• [Task instructions]: Of all the lines below, return only those starting with the line holding "using R_carrier by auto" and going on through the line holding "unfolding ll_eq[symmetric] ll_def", exactly as written.

--- Recorded information Enclosed Below ---

lemma asymp_almost_surely_noise_concentrated:
  fixes w :: "nat \<Rightarrow> nat \<Rightarrow> 'p \<Rightarrow> real"
  assumes "\<forall>\<^sub>F n in sequentially. (\<Sum>i<n. \<Sum>k\<in>UNIV. (w n i k)\<^sup>2) \<le> K * real n" and "\<delta> > 0"
  shows "asymp_almost_surely M (\<lambda>n \<omega>. noise_concentrated n sigmaz2 \<delta> (w n) (\<lambda>i k. E n i k \<omega>))"
  unfolding noise_concentrated_def
  using assms asymp_almost_surely_sum_E asymp_almost_surely_sum_design_E asymp_almost_surely_covariance_E
  by (intro asymp_almost_surely_conj) (simp_all add: asymp_almost_surely_all[of UNIV, simplified])

lemma asymp_almost_surely_gram_ztilde_ge:
  fixes X :: "nat \<Rightarrow> nat \<Rightarrow> real^'e" and Gam :: "real^'p^'e"
  assumes K: "K \<ge> 0" and design: "\<forall>\<^sub>F n in sequentially. (\<Sum>i<n. (norm (transpose Gam *v X n i))\<^sup>2) \<le> K * real n"
  shows "asymp_almost_surely M (\<lambda>n \<omega>. \<forall>u. sigmaz2 / (8 * (K + sigmaz2 + 1)) * real n * (norm u)\<^sup>2
    \<le> u \<bullet> (gram (ztilde Gam (X n) (\<lambda>i k. E n i k \<omega>)) {..<n} *v u))"
proof -
  define \<mu> where "\<mu> = sigmaz2 / (4 * (K + sigmaz2 + 1))"
  define q where "q = 3 * (real CARD('p))\<^sup>2 + 2 * real CARD('p)"
  define \<delta> where "\<delta> = \<mu> / (2 * q)"
  define w where "w n i k = (transpose Gam *v X n i) $ k" for n i k
  have "q > 0"
    unfolding q_def using finite_UNIV_card_ge_0[where 'a='p] by (simp add: add_pos_pos)
  moreover have "\<mu> > 0"
    using sigmaz2_pos K by (simp add: \<mu>_def)
  ultimately have \<delta>: "\<delta> > 0" "q * \<delta> = \<mu> / 2"
    unfolding \<delta>_def by simp_all
  have "\<forall>\<^sub>F n in sequentially. (\<Sum>i<n. \<Sum>k\<in>UNIV. (w n i k)\<^sup>2) \<le> K * real n"
    using design by (simp add: w_def norm_squared_vec)
  then have "asymp_almost_surely M (\<lambda>n \<omega>. (\<Sum>i<n. \<Sum>k\<in>UNIV. (w n i k)\<^sup>2) \<le> K * real n \<and>
      noise_concentrated n sigmaz2 \<delta> (w n) (\<lambda>i k. E n i k \<omega>))"
    using \<delta>(1) by (intro asymp_almost_surely_conj asymp_almost_surely_const asymp_almost_surely_noise_concentrated)
  then show ?thesis
  proof (rule asymp_almost_surely_mono)
    fix n \<omega>
    assume "(\<Sum>i<n. \<Sum>k\<in>UNIV. (w n i k)\<^sup>2) \<le> K * real n \<and> noise_concentrated n sigmaz2 \<delta> (w n) (\<lambda>i k. E n i k \<omega>)"
    then have "(\<mu> - q * \<delta>) * real n * (norm u)\<^sup>2 \<le> u \<bullet> (gram (ztilde Gam (X n) (\<lambda>i k. E n i k \<omega>)) {..<n} *v u)" for u
      unfolding \<mu>_def q_def using K sigmaz2_pos
      by (intro gram_augmented_design_ge[where w="w n"]) (auto simp: w_def)
    moreover have "\<mu> - q * \<delta> = sigmaz2 / (8 * (K + sigmaz2 + 1))"
    proof -
      define c where "c = K + sigmaz2 + 1"
      have "c > 0"
        using K sigmaz2_pos by (simp add: c_def)
      then show ?thesis
        unfolding \<delta>(2) \<mu>_def c_def[symmetric] by (simp add: field_simps)
    qed
    ultimately show "\<forall>u. sigmaz2 / (8 * (K + sigmaz2 + 1)) * real n * (norm u)\<^sup>2
        \<le> u \<bullet> (gram (ztilde Gam (X n) (\<lambda>i k. E n i k \<omega>)) {..<n} *v u)"
      by simp
  qed
qed
lemma H2_schur:
  assumes j: "1 \<le> j" "j < n"
  shows "schur_complement (j*q) q (H2 q a b s (j-1)) (Y2 q a b s j) (shat a b s (2*j))"
    and "H2 q a b s j = four_block_mat (H2 q a b s (j-1)) (Y2 q a b s j) (adj (Y2 q a b s j)) (shat a b s (2*j))"
proof -
  have mc: "\<And>l. l \<le> 2*j \<Longrightarrow> shat a b s l \<in> carrier_mat q q \<and> adj (shat a b s l) = shat a b s l"
  proof -
    fix l assume "l \<le> 2*j"
    hence "l + 2 \<le> 2*n+1" using j by simp
    thus "shat a b s l \<in> carrier_mat q q \<and> adj (shat a b s l) = shat a b s l"
      using shat_herm[of s l q a b] s_herm[of l] s_herm[of "l+1"] s_herm[of "l+2"] by simp
  qed
  have eA: "H2 q a b s (j-1) = bmat q j j (\<lambda>l k. shat a b s (l+k))" unfolding H2_def using j by simp
  show "schur_complement (j*q) q (H2 q a b s (j-1)) (Y2 q a b s j) (shat a b s (2*j))"
    unfolding eA Y2_def using aniso_H2[OF j(2)]
    by (intro hankel_schur_complement[where m="shat a b s" and j=j, OF q_pos mc]) (simp_all add: H2_def)
  show "H2 q a b s j = four_block_mat (H2 q a b s (j-1)) (Y2 q a b s j) (adj (Y2 q a b s j)) (shat a b s (2*j))"
    unfolding eA Y2_def unfolding H2_def by (rule hankel_four_block[where m="shat a b s" and j=j, OF q_pos mc])
qed

lemma H2_prev_eq:
  assumes j: "1 \<le> j" "j \<le> n"
  shows "H2 q a b s (j-1) = adj (shift_pencil q j a) * K1 q b s j * top_emb q j"
proof -
  let ?B = "shift_pencil q j a"
  have sK: "\<And>l. l \<le> 2*j+1 \<Longrightarrow> s l \<in> carrier_mat q q" using s_carrier j by simp
  have compress: "H2 q a b s (j-1) = adj (top_emb q j) * (K1 q b s j * ?B)"
  proof -
    have "H2 q a b s (j-1) = bmat q j j (\<lambda>l k. shat a b s (l+k))" unfolding H2_def using j by simp
    also have "\<dots> = adj (top_emb q j) * H2 q a b s j * top_emb q j"
      unfolding top_emb_def H2_def by (rule bmat_compress[symmetric]) simp
    also have "\<dots> = adj (top_emb q j) * (H2 q a b s j * top_emb q j)"
      by (rule assoc_mult_mat_dims) simp_all
    finally show ?thesis using K1_shift_pencil[where s=s and j=j and a=a and b=b, OF q_pos sK] by simp
  qed
  have "H2 q a b s (j-1) = adj (H2 q a b s (j-1))" using H2_herm[of "j-1"] j by simp
  also have "\<dots> = adj (K1 q b s j * ?B) * top_emb q j"
    unfolding compress by (simp add: adj_mult_dims)
  also have "adj (K1 q b s j * ?B) = adj ?B * K1 q b s j"
    using K1_herm[OF j(2)] by (simp add: adj_mult_dims)
  finally show ?thesis .
qed

end

locale odd_index = hausdorff_moments +
  fixes j :: nat
  assumes j_pos: "1 \<le> j" and j_le: "j \<le> n"
begin

sublocale K: schur_complement "j*q" q "K1 q b s (j-1)" "Yt1 q b s j" "kseq b s (2*j)"
  by (rule K1_schur(1)[OF j_pos j_le])

abbreviation Gam :: "complex mat" where "Gam \<equiv> Gam1 q b s j (complex_of_real a)"

abbreviation Theta :: "complex mat" where "Theta \<equiv> The1 q b s j (complex_of_real a)"

abbreviation R :: "complex mat" where "R \<equiv> Rm q j (complex_of_real a)"

lemma K1_eq_M: "K1 q b s j = K.M"
  by (rule K1_schur(2)[OF j_pos j_le])

lemma Khat1_eq_S: "Khat1 q b s j = K.S"
  using j_pos by (simp add: Khat1_def kseq_def)

lemma R_carrier: "R \<in> carrier_mat ((j+1)*q) ((j+1)*q)"
  using Rm_inverse(1)[OF q_pos] .

lemma Gam_eq: "Gam = K.L * powcol q j a"
proof -
  have "Gam = K.L * R * vv q j" unfolding Gam1_def using j_pos by simp
  also have "\<dots> = K.L * (R * vv q j)"
    using K.L_carrier R_carrier by (simp add: assoc_mult_mat_dims carrier_matD)
  finally show ?thesis unfolding Rm_vv[OF q_pos] .
qed

lemma Theta_eq: "Theta = K.L * R * ut1 q b s j"
  unfolding The1_def using j_pos by simp

lemma Gam_carrier: "Gam \<in> carrier_mat q q"
  unfolding Gam_eq using K.L_carrier by simp

lemma Theta_carrier: "Theta \<in> carrier_mat q q"
  unfolding Theta_eq using K.L_carrier R_carrier by simp

lemma mbold_eq: "mbold q a b s j = adj Gam * minv (Khat1 q b s j) * Gam"
proof -
  define x' where "x' = powcol q (j-1) a"
  have x'c: "x' \<in> carrier_mat (j*q) q" unfolding x'_def by (rule carrier_matI) (use j_pos in simp_all)
  have xsplit: "powcol q j a = x' @\<^sub>r (complex_of_real a ^ j \<cdot>\<^sub>m 1\<^sub>m q)"
  proof -
    have "powcol q j a = bcol q j (\<lambda>l. complex_of_real a ^ l \<cdot>\<^sub>m 1\<^sub>m q) @\<^sub>r (complex_of_real a ^ j \<cdot>\<^sub>m 1\<^sub>m q)"
      unfolding powcol_def by (rule bcol_split[OF q_pos]) simp
    also have "bcol q j (\<lambda>l. complex_of_real a ^ l \<cdot>\<^sub>m 1\<^sub>m q) = x'"
      unfolding x'_def powcol_def using j_pos by simp
    finally show ?thesis .
  qed
  have K_inv: "invertible_mat (K1 q b s j)" by (rule aniso_herm_invertible[OF aniso_K1[OF j_le]])
  have "mu q a b s j = adj x' * minv (K1 q b s (j-1)) * x' + adj Gam * minv K.S * Gam"
    unfolding mu_eq[OF q_pos K_inv] Gam_eq xsplit K1_eq_M
    by (rule K.quadratic_form_minv_M[OF x'c]) simp
  moreover have "mu q a b s (j-1) = adj x' * minv (K1 q b s (j-1)) * x'"
    unfolding x'_def by (rule mu_eq[OF q_pos K.A_invertible])
  moreover have "adj x' * minv (K1 q b s (j-1)) * x' \<in> carrier_mat q q"
    using x'c K.minv_A by simp
  moreover have "adj Gam * minv K.S * Gam \<in> carrier_mat q q"
    using Gam_carrier K.minv_S by simp
  ultimately show ?thesis
    unfolding mbold_def Khat1_eq_S using j_pos by (simp add: add_diff_cancel_left_mat)
qed

lemma K1_herm_j: "adj (K1 q b s j) = K1 q b s j"
  by (rule K1_herm[OF j_le])

lemma L_K1_top_emb: "K.L * K1 q b s j * top_emb q j = 0\<^sub>m q (j*q)"
  unfolding K1_eq_M top_emb_eq_append_rows by (rule K.L_M_top_zero)

lemma L_dims: "dim_row K.L = q" "dim_col K.L = q + j*q"
  using K.L_carrier by auto

lemma R_dims: "dim_row R = q + j*q" "dim_col R = q + j*q"
  using R_carrier by auto

lemma Gam_invertible: "invertible_mat Gam"
proof -
  let ?B = "shift_pencil q j a"
  let ?H' = "H2 q a b s (j-1)"
  have Bc: "?B \<in> carrier_mat ((j+1)*q) (j*q)" by (rule shift_pencil_carrier)
  have aniso_H': "aniso_herm (j*q) ?H'" using aniso_H2[of "j-1"] j_pos j_le by simp
  have "invertible_mat (adj Gam)"
  proof (rule invertible_if_trivial_kernel)
    show "adj Gam \<in> carrier_mat q q" using Gam_carrier by simp
    fix X assume X: "X \<in> carrier_mat q 1" "adj Gam * X = 0\<^sub>m q 1"
    have Xd: "dim_row X = q" "dim_col X = 1" using X by auto
    define ll where "ll = adj K.L * X"
    have llc: "ll \<in> carrier_mat ((j+1)*q) 1" unfolding ll_def using L_dims Xd by (intro carrier_matI) auto
    have "adj (powcol q j a) * ll = adj Gam * X"
      unfolding ll_def Gam_eq using L_dims Xd by (simp add: assoc_mult_mat_dims adj_mult_dims)
    hence x_ll: "adj (powcol q j a) * ll = 0\<^sub>m q 1" using X by simp
    define rho where "rho = adj (shift_emb q j) * adj R * ll"
    have rhoc: "rho \<in> carrier_mat (j*q) 1" unfolding rho_def using llc R_dims by (intro carrier_matI) auto
    have ll_eq: "ll = ?B * rho"
    proof -
      have "ll = vv q j * (adj (powcol q j a) * ll) + ?B * rho"
        unfolding rho_def by (rule pencil_decomposition[OF q_pos llc])
      also have "vv q j * (adj (powcol q j a) * ll) = 0\<^sub>m ((j+1)*q) 1" unfolding x_ll by simp
      finally show ?thesis using Bc rhoc by simp
    qed
    have "adj rho * ?H' * rho = adj (?B * rho) * (K1 q b s j * (top_emb q j * rho))"
      unfolding H2_prev_eq[OF j_pos j_le] using Bc rhoc by (simp add: assoc_mult_mat_dims adj_mult_dims)
    also have "adj (?B * rho) = adj X * K.L"
      unfolding ll_eq[symmetric] ll_def using L_dims Xd by (simp add: adj_mult_dims)
    also have "adj X * K.L * (K1 q b s j * (top_emb q j * rho)) = adj X * ((K.L * K1 q b s j * top_emb q j) * rho)"
      using L_dims Xd rhoc by (simp add: assoc_mult_mat_dims)
    also have "\<dots> = 0\<^sub>m 1 1" unfolding L_K1_top_emb using Xd rhoc by simp
    finally have "rho = 0\<^sub>m (j*q) 1" using aniso_H' rhoc unfolding aniso_herm_def by auto
    hence "adj K.L * X = 0\<^sub>m (j*q + q) 1" using ll_eq Bc unfolding ll_def by (simp add: add.commute)
    thus "X = 0\<^sub>m q 1" by (rule K.adj_L_injective[OF X(1)])
  qed
  thus ?thesis by (rule invertible_if_adj_invertible[OF _ Gam_carrier])
qed

definition rhoK :: "complex mat" where "rhoK = adj (shift_emb q j) * adj R * adj K.L"

lemma rhoK_carrier: "rhoK \<in> carrier_mat (j*q) q"
  unfolding rhoK_def using L_dims R_dims by (intro carrier_matI) auto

--- End of Enclosed Recorded information ---

• [Answer area]:
  using R_carrier by auto

lemma Gam_invertible: "invertible_mat Gam"
proof -
  let ?B = "shift_pencil q j a"
  let ?H' = "H2 q a b s (j-1)"
  have Bc: "?B \<in> carrier_mat ((j+1)*q) (j*q)" by (rule shift_pencil_carrier)
  have aniso_H': "aniso_herm (j*q) ?H'" using aniso_H2[of "j-1"] j_pos j_le by simp
  have "invertible_mat (adj Gam)"
  proof (rule invertible_if_trivial_kernel)
    show "adj Gam \<in> carrier_mat q q" using Gam_carrier by simp
    fix X assume X: "X \<in> carrier_mat q 1" "adj Gam * X = 0\<^sub>m q 1"
    have Xd: "dim_row X = q" "dim_col X = 1" using X by auto
    define ll where "ll = adj K.L * X"
    have llc: "ll \<in> carrier_mat ((j+1)*q) 1" unfolding ll_def using L_dims Xd by (intro carrier_matI) auto
    have "adj (powcol q j a) * ll = adj Gam * X"
      unfolding ll_def Gam_eq using L_dims Xd by (simp add: assoc_mult_mat_dims adj_mult_dims)
    hence x_ll: "adj (powcol q j a) * ll = 0\<^sub>m q 1" using X by simp
    define rho where "rho = adj (shift_emb q j) * adj R * ll"
    have rhoc: "rho \<in> carrier_mat (j*q) 1" unfolding rho_def using llc R_dims by (intro carrier_matI) auto
    have ll_eq: "ll = ?B * rho"
    proof -
      have "ll = vv q j * (adj (powcol q j a) * ll) + ?B * rho"
        unfolding rho_def by (rule pencil_decomposition[OF q_pos llc])
      also have "vv q j * (adj (powcol q j a) * ll) = 0\<^sub>m ((j+1)*q) 1" unfolding x_ll by simp
      finally show ?thesis using Bc rhoc by simp
    qed
    have "adj rho * ?H' * rho = adj (?B * rho) * (K1 q b s j * (top_emb q j * rho))"
      unfolding H2_prev_eq[OF j_pos j_le] using Bc rhoc by (simp add: assoc_mult_mat_dims adj_mult_dims)
    also have "adj (?B * rho) = adj X * K.L"
      unfolding ll_eq[symmetric] ll_def using L_dims Xd by (simp add: adj_mult_dims)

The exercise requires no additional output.